My concerns have been with which CF or even Wet Dry can - Pump Vertical Lift against right at 5 Feet of Head Pressure. Since I am going to build my stand for a Multi-Tank setup I will just change my layout to move the CF up so it is closer to top of tank to reduce the Head Pressure then I will know for sure I am getting 4 cycles of tank or more was shooting for 6 to 7 cycles per hour.
Big tank is 72 inches long and 24 inches tall - intend on placing the return at the end where the Canister Filter will be sitting to shorten the return as much as I can to get better flow rates.

Thanks for the input from those that offered real time use results - can't afford to get it wrong and refuse to spend $400 or $500 each to do a pair of filters that can't provide decent GPH at 4 to 5 feet of head pressure. Don't have the room or option of going with an external pump unit sitting some place else in the house, tank and tanks will be set up in Dinning Room in 1 enclosed cabinet unit. Thought it would make good dinner conversation having a fish dinner over fish tanks, plan on sharing pics and maybe a bit of video of the build with finished look. Still have yet to decide Malawi or Victorian decisions - decisions.


----------



## 13razorbackfan (Sep 28, 2011)

The canister filters are pressurized so head loss isn't much of a concern. You want to calculate head loss using no pressurized systems like a return pump from a sump. With tank you have I would not go with a CF500uv or even two. I would go with a couple FX5's, Eheim 2260/2262 or really I would go with a sump.


----------



## JimA (Nov 7, 2009)

I have 2 CF400s up and running for a little more than a year now with no problems at all. No idea if the UVs are still working, the little blue light still comes on. You just have to be carefull when taking it apart or putting it back together. Just like any canister, I also have a FX5 as well.


----------



## iridextr (Feb 8, 2013)

Mschn99 said:


> S2K_Alex said:
> 
> 
> > ^^^^ do you want to cook your fish?!?! theres no need for such a high wattage heaters for those size of aquariums, i just hope they never give out on you, if so you'll defenetly have casualties....
> ...


The 300w heaters are on for shorter intervals than the 200w, not heating up as much internally and therefore protecting the stuff inside from damage. Over my winter break I spent a whole day monitoring and comparing a 300w digital heater to a 200w regular heater. Yes, I'm a nerd. And in fact the 300w heater stayed on for shorter intervals and kept the tank at 82 easier than the 200w. 
I did in fact cook my fish before I bought the digital heaters, a 200w marineland visitherm got my tank up to 92 degrees when it burnt out, lost half the tank in a day. The thermometer fried and the heater would not shut off. That's when I upgraded.

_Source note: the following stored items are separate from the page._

lemma tendsto_h2_inner_hankel:
  assumes u: "u \<in> BMOA" and a: "a \<in> H2" and b: "b \<in> H2" and bs: "\<And>N. bs N \<in> H2"
    and lim: "(\<lambda>N. h2_norm2 (\<lambda>n. b n - bs N n)) \<longlonglongrightarrow> 0"
  shows "(\<lambda>N. h2_inner (hankel u (bs N)) a) \<longlonglongrightarrow> h2_inner (hankel u b) a"
proof -
  obtain C where C: "\<forall>f\<in>H2. h2_norm2 (hankel u f) \<le> C * h2_norm2 f"
    using BMOA_hankel_bounded[OF u] by blast
  define d where "d N = h2_inner (hankel u b) a - h2_inner (hankel u (bs N)) a" for N
  have bound: "norm (d N) \<le> sqrt (C * h2_norm2 (\<lambda>n. b n - bs N n) * h2_norm2 a)" for N
  proof -
    have bd: "(\<lambda>n. b n - bs N n) \<in> H2" using H2_diff[OF b bs] .
    have "d N = h2_inner (hankel u (\<lambda>n. b n - bs N n)) a"
      unfolding d_def hankel_diff[OF BMOA_H2[OF u] b bs]
      by (intro h2_inner_diff_left[symmetric] BMOA_hankel_H2 u b bs a)
    then have "(cmod (d N))\<^sup>2 \<le> h2_norm2 (hankel u (\<lambda>n. b n - bs N n)) * h2_norm2 a"
      using h2_inner_Cauchy_Schwarz[OF BMOA_hankel_H2[OF u bd] a] by simp
    also have "\<dots> \<le> C * h2_norm2 (\<lambda>n. b n - bs N n) * h2_norm2 a"
      using C bd by (intro mult_right_mono h2_norm2_nonneg a) auto
    finally show ?thesis by (simp add: real_le_rsqrt)
  qed
  have bound_0: "(\<lambda>N. sqrt (C * h2_norm2 (\<lambda>n. b n - bs N n) * h2_norm2 a)) \<longlonglongrightarrow> 0"
    using tendsto_real_sqrt[OF tendsto_mult[OF tendsto_mult[OF tendsto_const lim] tendsto_const]]
    by simp
  have "d \<longlonglongrightarrow> 0"
    by (rule Lim_null_comparison[OF always_eventually bound_0]) (use bound in blast)
  then have "(\<lambda>N. h2_inner (hankel u b) a - d N) \<longlonglongrightarrow> h2_inner (hankel u b) a - 0"
    by (intro tendsto_diff tendsto_const)
  then show ?thesis by (simp add: d_def)
qed

text \<open>The double series behind (H_u a, b) need not converge absolutely, so its order of
  summation cannot simply be swapped: symmetry is proved for truncated b and extended by the
  boundedness of H_u.\<close>

lemma hankel_inner_commute:
  assumes u: "u \<in> BMOA" and a: "a \<in> H2" and b: "b \<in> H2"
  shows "h2_inner (hankel u a) b = h2_inner (hankel u b) a"
proof (rule LIMSEQ_unique)
  show "(\<lambda>N. h2_inner (hankel u a) (h2_truncate N b)) \<longlonglongrightarrow> h2_inner (hankel u a) b"
    unfolding h2_inner_truncate unfolding h2_inner_def
    by (intro summable_LIMSEQ H2_summable_mult_cnj BMOA_hankel_H2 u a b)
  show "(\<lambda>N. h2_inner (hankel u a) (h2_truncate N b)) \<longlonglongrightarrow> h2_inner (hankel u b) a"
    unfolding h2_inner_hankel_truncate[OF BMOA_H2[OF u] a]
    by (intro tendsto_h2_inner_hankel u a b H2_truncate h2_norm2_truncate_tendsto_0)
qed

lemma hankel_hankel_eq:
  assumes u: "u \<in> H2" and f: "f \<in> H2" and hf: "hankel u f \<in> H2"
  shows "hankel u (hankel u f) n = h2_inner f u * u n + shifted_hankel u (shifted_hankel u f) n"
proof -
  define g where "g k = u (n + k) * cnj (hankel u f k)" for k
  have "shifted_hankel u (shifted_hankel u f) n = (\<Sum>k. g (Suc k))"
    by (simp add: shifted_hankel_apply hankel_def[of u "shifted_hankel u f"] g_def)
  also have "\<dots> = suminf g - g 0"
    using suminf_split_head[of g] hankel_summable[OF u hf, of n] unfolding g_def by simp
  also have "g 0 = u n * h2_inner f u"
    using cnj_hankel_0[OF u f] by (simp add: g_def)
  finally show ?thesis unfolding g_def hankel_def[of u "hankel u f"] by simp
qed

The digital heaters have a separate thermometer probe that is connected to the main body with a 6ish inch wire, keeping it cool and providing a more accurate reading. 
From what I've learned in almost a decade of fish keeping, is that it's safer to go with a bigger heater than a smaller heater. I've never once had a heater failure with an over-sized heater, but have had numerous failures with heaters of appropriate size or under. Even cheap heaters have worked for me for years when I go up in size. I would recommend this to anyone.


----------



## rp-photo (Sep 22, 2011)

i use a CF-500UV and love it however after a few months my UV Light went out ....


----------



## fishyman65712 (Jan 14, 2013)

Looks like I won't be using the "Plan B" approach after all - locating what would be needed then buying it.

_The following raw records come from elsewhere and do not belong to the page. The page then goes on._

lemma oscillator_solution_bounded:
  assumes y: "oscillator_solution \<omega> Q y y'" and "\<omega> > 0"
    and H: "\<And>t. 0 \<le> t \<Longrightarrow> (H has_real_derivative h t) (at t within {0..})"
    and Q_le: "\<And>t. 0 \<le> t \<Longrightarrow> \<bar>Q t\<bar> \<le> h t"
    and "H 0 = 0" and H_le: "\<And>t. 0 \<le> t \<Longrightarrow> H t \<le> C"
  shows "\<exists>B. \<forall>t\<ge>0. \<bar>y t\<bar> \<le> B \<and> \<bar>y' t\<bar> \<le> B"
proof -
  define D where "D = ((y' 0)^2 + (\<omega> * y 0)^2) * exp (C / \<omega>)"
  have energy_le: "(y' t)^2 + (\<omega> * y t)^2 \<le> D" if "0 \<le> t" for t
  proof -
    have "exp (H t / \<omega>) \<le> exp (C / \<omega>)"
      using H_le[OF that] \<open>\<omega> > 0\<close> by (simp add: divide_right_mono)
    then show ?thesis
      using oscillator_energy_le[OF y \<open>\<omega> > 0\<close> H Q_le \<open>H 0 = 0\<close> that] unfolding D_def
      by (meson add_nonneg_nonneg mult_left_mono order_trans zero_le_power2)
  qed
  have "\<bar>y t\<bar> \<le> sqrt D / \<omega> \<and> \<bar>y' t\<bar> \<le> sqrt D" if "0 \<le> t" for t
  proof
    show "\<bar>y' t\<bar> \<le> sqrt D"
      by (rule order_trans[OF real_sqrt_ge_abs1 real_sqrt_le_mono[OF energy_le[OF that]]])
    have "\<bar>\<omega> * y t\<bar> \<le> sqrt D"
      by (rule order_trans[OF real_sqrt_ge_abs2 real_sqrt_le_mono[OF energy_le[OF that]]])
    then show "\<bar>y t\<bar> \<le> sqrt D / \<omega>"
      using \<open>\<omega> > 0\<close> by (simp add: abs_mult field_simps)
  qed
  then show ?thesis
    by (metis max.cobounded1 max.cobounded2 order_trans)
qed

lemma qfun_oscillator_solution_bounded:
  assumes y: "oscillator_solution \<omega> (qfun p p') y y'" and "\<omega> > 0"
    and p': "\<And>t. 0 \<le> t \<Longrightarrow> (p has_real_derivative p' t) (at t within {0..})"
    and p_nonneg: "\<And>t. 0 \<le> t \<Longrightarrow> 0 \<le> p t"
    and p'_nonpos: "\<And>t. 0 \<le> t \<Longrightarrow> p' t \<le> 0"
    and p_sq_int: "(\<lambda>t. (p t)^2) integrable_on {0..}"
  shows "\<exists>B. \<forall>t\<ge>0. \<bar>y t\<bar> \<le> B \<and> \<bar>y' t\<bar> \<le> B"
proof -
  have p_sq_cont: "continuous_on {0..} (\<lambda>t. (p t)^2)"
    by (intro continuous_intros DERIV_continuous_on[where D = p']) (use p' in auto)
  define H where "H t = integral {0..t} (\<lambda>t. (p t)^2) / 4 + (p 0 - p t) / 2" for t
  show ?thesis
  proof (rule oscillator_solution_bounded[OF y \<open>\<omega> > 0\<close>])
    show "(H has_real_derivative (p t)^2 / 4 - p' t / 2) (at t within {0..})" if "0 \<le> t" for t
      unfolding H_def using that
      by (auto intro!: derivative_eq_intros integral_has_real_derivative_atLeast[OF p_sq_cont] p')
    show "\<bar>qfun p p' t\<bar> \<le> (p t)^2 / 4 - p' t / 2" if "0 \<le> t" for t
      using p'_nonpos[OF that] unfolding qfun_def by (simp add: abs_le_iff)
    show "H 0 = 0" unfolding H_def by simp
    show "H t \<le> integral {0..} (\<lambda>t. (p t)^2) / 4 + p 0 / 2" if "0 \<le> t" for t
    proof -
      have "integral {0..t} (\<lambda>t. (p t)^2) \<le> integral {0..} (\<lambda>t. (p t)^2)"
        by (rule integral_subset_le)
          (auto intro!: integrable_continuous_real continuous_on_subset[OF p_sq_cont] p_sq_int)
      then show ?thesis
        using p_nonneg[OF that] unfolding H_def by (simp add: field_simps)
    qed
  qed
qed

lemma oscillator_solution_wronskian_combination:
  assumes y: "oscillator_solution \<omega> Q y y'"
    and u: "oscillator_solution \<omega> Q u u'" and v: "oscillator_solution \<omega> Q v v'"
    and "0 \<le> s" "y s = 0" "y' s = 1" "0 \<le> t"
  shows "y t * wronskian u u' v v' 0 = u s * v t - v s * u t"
    and "y' t * wronskian u u' v v' 0 = u s * v' t - v s * u' t"
proof -
  have yu: "wronskian y y' u u' t = - u s"
    using wronskian_const[OF y u \<open>0 \<le> t\<close>] wronskian_const[OF y u \<open>0 \<le> s\<close>] \<open>y s = 0\<close> \<open>y' s = 1\<close>
    by (simp add: wronskian_def)
  have yv: "wronskian y y' v v' t = - v s"
    using wronskian_const[OF y v \<open>0 \<le> t\<close>] wronskian_const[OF y v \<open>0 \<le> s\<close>] \<open>y s = 0\<close> \<open>y' s = 1\<close>
    by (simp add: wronskian_def)
  have uv: "wronskian u u' v v' t = wronskian u u' v v' 0"
    by (rule wronskian_const[OF u v \<open>0 \<le> t\<close>])
  from yu yv uv show "y t * wronskian u u' v v' 0 = u s * v t - v s * u t"
    unfolding wronskian_def by algebra
  from yu yv uv show "y' t * wronskian u u' v v' 0 = u s * v' t - v s * u' t"
    unfolding wronskian_def by algebra
qed

lemma has_real_derivative_nonzero_imp_nonzero_atLeast:
  fixes y :: "real \<Rightarrow> real"
  assumes "(y has_real_derivative d) (at 0 within {0..})" "d \<noteq> 0"
  obtains s where "0 \<le> s" "y s \<noteq> 0"
proof (rule ccontr)
  assume "\<not> thesis"
  with that have "y s = 0" if "0 \<le> s" for s
    using that by blast
  then have "(y has_real_derivative 0) (at 0 within {0..})"
    by (intro has_field_derivative_transform_within[OF DERIV_const, where d = 1]) auto
  with assms show False
    using has_field_derivative_unique by (fastforce simp: at_within_Ici_at_right)
qed

lemma green_function_wronskian_representation:
  assumes sol: "\<And>s. 0 \<le> s \<Longrightarrow> oscillator_solution \<omega> Q (\<lambda>t. G t s) (\<lambda>t. G1 t s)"
    and G_init: "\<And>s. 0 \<le> s \<Longrightarrow> G s s = 0" and G1_init: "\<And>s. 0 \<le> s \<Longrightarrow> G1 s s = 1"
  obtains u u' v v' W where
    "oscillator_solution \<omega> Q u u'" "oscillator_solution \<omega> Q v v'" "W \<noteq> 0"
    "\<And>t s. 0 \<le> s \<Longrightarrow> 0 \<le> t \<Longrightarrow> G t s = (u s * v t - v s * u t) / W"
    "\<And>t s. 0 \<le> s \<Longrightarrow> 0 \<le> t \<Longrightarrow> G1 t s = (u s * v' t - v s * u' t) / W"
proof -
  define u where "u t = G t 0" for t
  define u' where "u' t = G1 t 0" for t
  have u: "oscillator_solution \<omega> Q u u'"
    unfolding u_def u'_def using sol[of 0] by simp
  \<comment> \<open>\<open>u\<close> has slope 1 at 0, so it does not vanish at some \<open>s0\<close>, which is then its
      Wronskian with \<open>G(\<cdot>, s0)\<close>.\<close>
  obtain s0 where "0 \<le> s0" "u s0 \<noteq> 0"
    using has_real_derivative_nonzero_imp_nonzero_atLeast[OF oscillator_solutionD(1)[OF u order_refl]]
    by (auto simp: u'_def G1_init)
  define v where "v t = G t s0" for t
  define v' where "v' t = G1 t s0" for t
  have v: "oscillator_solution \<omega> Q v v'"
    unfolding v_def v'_def using sol[OF \<open>0 \<le> s0\<close>] by simp
  have "wronskian u u' v v' 0 = u s0"
    using wronskian_const[OF u v \<open>0 \<le> s0\<close>] \<open>0 \<le> s0\<close>
    by (simp add: wronskian_def v_def v'_def G_init G1_init)
  with \<open>u s0 \<noteq> 0\<close> have "wronskian u u' v v' 0 \<noteq> 0" by simp
  then show thesis
    using oscillator_solution_wronskian_combination[OF sol u v _ G_init G1_init]
    by (intro that[OF u v]) (auto simp: eq_divide_eq)
qed

lemma green_function_smooth_bounded:
  assumes sol: "\<And>s. 0 \<le> s \<Longrightarrow> oscillator_solution \<omega> Q (\<lambda>t. G t s) (\<lambda>t. G1 t s)"
    and G_init: "\<And>s. 0 \<le> s \<Longrightarrow> G s s = 0" and G1_init: "\<And>s. 0 \<le> s \<Longrightarrow> G1 s s = 1"
    and bounded: "\<And>y y'. oscillator_solution \<omega> Q y y' \<Longrightarrow> \<exists>B. \<forall>t\<ge>0. \<bar>y t\<bar> \<le> B \<and> \<bar>y' t\<bar> \<le> B"
  obtains Gs Gst K where
    "\<And>t s. 0 \<le> s \<Longrightarrow> 0 \<le> t \<Longrightarrow> ((\<lambda>\<sigma>. G t \<sigma>) has_real_derivative Gs t s) (at s within {0..})"
    "\<And>t s. 0 \<le> s \<Longrightarrow> 0 \<le> t \<Longrightarrow> ((\<lambda>\<tau>. Gs \<tau> s) has_real_derivative Gst t s) (at t within {0..})"
    "\<And>t s. 0 \<le> s \<Longrightarrow> 0 \<le> t \<Longrightarrow>
       \<bar>G t s\<bar> \<le> K \<and> \<bar>G1 t s\<bar> \<le> K \<and> \<bar>Gs t s\<bar> \<le> K \<and> \<bar>Gst t s\<bar> \<le> K"
proof -
  obtain u u' v v' W where u: "oscillator_solution \<omega> Q u u'" and v: "oscillator_solution \<omega> Q v v'"
    and "W \<noteq> 0"
    and G_eq: "\<And>t s. 0 \<le> s \<Longrightarrow> 0 \<le> t \<Longrightarrow> G t s = (u s * v t - v s * u t) / W"
    and G1_eq: "\<And>t s. 0 \<le> s \<Longrightarrow> 0 \<le> t \<Longrightarrow> G1 t s = (u s * v' t - v s * u' t) / W"
    using green_function_wronskian_representation[OF sol G_init G1_init] by blast
  define Gs where "Gs t s = (u' s * v t - v' s * u t) / W" for t s
  define Gst where "Gst t s = (u' s * v' t - v' s * u' t) / W" for t s
  obtain Bu Bv where Bu: "\<And>t. 0 \<le> t \<Longrightarrow> \<bar>u t\<bar> \<le> Bu \<and> \<bar>u' t\<bar> \<le> Bu"
    and Bv: "\<And>t. 0 \<le> t \<Longrightarrow> \<bar>v t\<bar> \<le> Bv \<and> \<bar>v' t\<bar> \<le> Bv"
    using bounded[OF u] bounded[OF v] by auto
  define B where "B = max Bu Bv"
  have B: "\<bar>u t\<bar> \<le> B" "\<bar>u' t\<bar> \<le> B" "\<bar>v t\<bar> \<le> B" "\<bar>v' t\<bar> \<le> B" if "0 \<le> t" for t
    using Bu[OF that] Bv[OF that] unfolding B_def by auto
  have quotient_le: "\<bar>(a * b - c * d) / W\<bar> \<le> 2 * B * B / \<bar>W\<bar>"
    if "\<bar>a\<bar> \<le> B" "\<bar>b\<bar> \<le> B" "\<bar>c\<bar> \<le> B" "\<bar>d\<bar> \<le> B" for a b c d
  proof -
    have "\<bar>a * b - c * d\<bar> \<le> B * B + B * B"
      using abs_mult_le_mult[OF that(1,2)] abs_mult_le_mult[OF that(3,4)] by linarith
    then show ?thesis by (simp add: abs_divide divide_right_mono)
  qed
  show thesis
  proof (rule that)
    fix t s :: real assume "0 \<le> s" "0 \<le> t"
    have "((\<lambda>\<sigma>. (u \<sigma> * v t - v \<sigma> * u t) / W) has_real_derivative Gs t s) (at s within {0..})"
      unfolding Gs_def using \<open>0 \<le> s\<close> \<open>W \<noteq> 0\<close>
      by (auto intro!: derivative_eq_intros oscillator_solutionD[OF u] oscillator_solutionD[OF v])
    then show "((\<lambda>\<sigma>. G t \<sigma>) has_real_derivative Gs t s) (at s within {0..})"
      by (rule has_field_derivative_transform_within[where d = 1])
        (use \<open>0 \<le> s\<close> \<open>0 \<le> t\<close> G_eq in auto)
    show "((\<lambda>\<tau>. Gs \<tau> s) has_real_derivative Gst t s) (at t within {0..})"
      unfolding Gs_def Gst_def using \<open>0 \<le> t\<close> \<open>W \<noteq> 0\<close>
      by (auto intro!: derivative_eq_intros oscillator_solutionD[OF u] oscillator_solutionD[OF v])
    show "\<bar>G t s\<bar> \<le> 2 * B * B / \<bar>W\<bar> \<and> \<bar>G1 t s\<bar> \<le> 2 * B * B / \<bar>W\<bar> \<and>
        \<bar>Gs t s\<bar> \<le> 2 * B * B / \<bar>W\<bar> \<and> \<bar>Gst t s\<bar> \<le> 2 * B * B / \<bar>W\<bar>"
      unfolding G_eq[OF \<open>0 \<le> s\<close> \<open>0 \<le> t\<close>] G1_eq[OF \<open>0 \<le> s\<close> \<open>0 \<le> t\<close>] Gs_def Gst_def
      using \<open>0 \<le> s\<close> \<open>0 \<le> t\<close> by (intro conjI quotient_le B)
  qed
qed

lemma has_real_derivative_Eker_lower:
  assumes "continuous_on {0..} p" "0 \<le> s"
  shows "((\<lambda>\<sigma>. Eker p t \<sigma>) has_real_derivative Eker p t s * p s / 2) (at s within {0..})"
  unfolding Eker_def
  by (auto intro!: derivative_eq_intros integral_has_real_derivative_atLeast assms)

lemma has_real_derivative_Eker_upper:
  assumes "continuous_on {0..} p" "0 \<le> t"
  shows "((\<lambda>\<tau>. Eker p \<tau> s) has_real_derivative - Eker p t s * p t / 2) (at t within {0..})"
  unfolding Eker_def
  by (auto intro!: derivative_eq_intros integral_has_real_derivative_atLeast assms)

definition Rker_ds ::
    "(real \<Rightarrow> real) \<Rightarrow> (real \<Rightarrow> real \<Rightarrow> real) \<Rightarrow> (real \<Rightarrow> real \<Rightarrow> real) \<Rightarrow> real \<Rightarrow> real \<Rightarrow> real" where
  "Rker_ds p G Gs t s = Eker p t s * (p s / 2 * G t s + Gs t s)"

definition Rker_dt ::
    "(real \<Rightarrow> real) \<Rightarrow> (real \<Rightarrow> real \<Rightarrow> real) \<Rightarrow> (real \<Rightarrow> real \<Rightarrow> real) \<Rightarrow> real \<Rightarrow> real \<Rightarrow> real" where
  "Rker_dt p G G1 t s = Eker p t s * (G1 t s - p t / 2 * G t s)"

definition Rker_dtds ::
    "(real \<Rightarrow> real) \<Rightarrow> (real \<Rightarrow> real \<Rightarrow> real) \<Rightarrow> (real \<Rightarrow> real \<Rightarrow> real) \<Rightarrow> (real \<Rightarrow> real \<Rightarrow> real) \<Rightarrow>
     (real \<Rightarrow> real \<Rightarrow> real) \<Rightarrow> real \<Rightarrow> real \<Rightarrow> real" where
  "Rker_dtds p G G1 Gs Gst t s =
     Eker p t s * (Gst t s - p t / 2 * Gs t s + p s / 2 * (G1 t s - p t / 2 * G t s))"

lemma Rker_has_partial_derivatives:
  assumes "continuous_on {0..} p" "0 \<le> s" "0 \<le> t"
    and "((\<lambda>\<tau>. G \<tau> s) has_real_derivative G1 t s) (at t within {0..})"
    and "((\<lambda>\<sigma>. G t \<sigma>) has_real_derivative Gs t s) (at s within {0..})"
    and "((\<lambda>\<tau>. Gs \<tau> s) has_real_derivative Gst t s) (at t within {0..})"
  shows "((\<lambda>\<sigma>. Rker p G t \<sigma>) has_real_derivative Rker_ds p G Gs t s) (at s within {0..})"
    and "((\<lambda>\<tau>. Rker p G \<tau> s) has_real_derivative Rker_dt p G G1 t s) (at t within {0..})"
    and "((\<lambda>\<tau>. Rker_ds p G Gs \<tau> s) has_real_derivative Rker_dtds p G G1 Gs Gst t s)
           (at t within {0..})"
  unfolding Rker_def Rker_ds_def Rker_dt_def Rker_dtds_def using assms
  by (auto intro!: derivative_eq_intros has_real_derivative_Eker_lower has_real_derivative_Eker_upper
      simp: field_simps)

While at work today a fellow employee asked how the project aquarium build was coming along, to which I said looks like I was going to have to buy everything I would be needing. Won't go into long version I shall just cut to the meat part of the story. Since I work in Maintenance in the Gov. sector we have a bone scrap area where all things broken and dead go before being sent out to be salvaged recycled. The plastic stack is about 15 feet high by about 25 feet where all PVC and other plastics go to be forgotten. Boss heard conversation said "oh yea I was suppose to check on that for you" he apologized for not getting back to me on it. He then went on to say take what you will need with in reason, I now have a small pile of scrap PVC to use for a DIY wet/dry sump trickle filter as well to build a canister filter. So it's back to "Plan A" with a pair of pumps I had found to use rated for 12 feet of head that pump @ zero head 700 GPH pumps have a 3 year warranty coming in at just under $40.00 dollars each. Discounted from supply house that furnishes all of the pool equip. and Koi pond parts we work on - going to give me the discount as if work related. Pump is very quite you have to place your hand on it or ear against the tanks to tell if they are even on.

Problem solved on to the next hurdle.

13razorbackfan - do you by chance use this same user name at You Tube maybe?

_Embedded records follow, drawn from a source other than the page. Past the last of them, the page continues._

lemma all_even_insert_of_complement_on:
  assumes "finite A" "\<forall>x y. E x y \<longrightarrow> E y x" "\<forall>x. \<not> E x x" "v \<notin> A"
    and "\<forall>x\<in>A. E v x \<longleftrightarrow> x \<in> N" "all_even (complement_on N E) A" "even (card (A \<inter> N))"
  shows "all_even E (insert v A)"
  unfolding all_even_def
proof
  fix y assume "y \<in> insert v A"
  then consider "y = v" | "y \<in> A" by blast
  then show "even (card {u \<in> insert v A. E y u})"
  proof cases
    case 1
    then have "{u \<in> insert v A. E y u} = A \<inter> N" using assms(3,5) by auto
    then show ?thesis using assms(7) by simp
  next
    case 2
    have "{u \<in> insert v A. E y u} = (if y \<in> N then insert v else id) {u \<in> A. E y u}"
      using 2 assms(2,4,5) by auto
    moreover have "even (card {u\<in>A. E y u}) \<longleftrightarrow> y \<notin> N"
      using even_degree_of_complement_on[OF assms(1) 2] assms(3,6,7) 2
      unfolding all_even_def by blast
    ultimately show ?thesis using assms(1,4) by auto
  qed
qed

Thanks to all for the more then helpful tips and hints.


----------



## 13razorbackfan (Sep 28, 2011)

fishyman65712 said:


> Looks like I won't be using the "Plan B" approach after all - locating what would be needed then buying it.
> 
> While at work today a fellow employee asked how the project aquarium build was coming along, to which I said looks like I was going to have to buy everything I would be needing. Won't go into long version I shall just cut to the meat part of the story. Since I work in Maintenance in the Gov. sector we have a bone scrap area where all things broken and dead go before being sent out to be salvaged recycled. The plastic stack is about 15 feet high by about 25 feet where all PVC and other plastics go to be forgotten. Boss heard conversation said "oh yea I was suppose to check on that for you" he apologized for not getting back to me on it. He then went on to say take what you will need with in reason, I now have a small pile of scrap PVC to use for a DIY wet/dry sump trickle filter as well to build a canister filter. So it's back to "Plan A" with a pair of pumps I had found to use rated for 12 feet of head that pump @ zero head 700 GPH pumps have a 3 year warranty coming in at just under $40.00 dollars each. Discounted from supply house that furnishes all of the pool equip. and Koi pond parts we work on - going to give me the discount as if work related. Pump is very quite you have to place your hand on it or ear against the tanks to tell if they are even on.
> 
> ...


Yes....that is me.


----------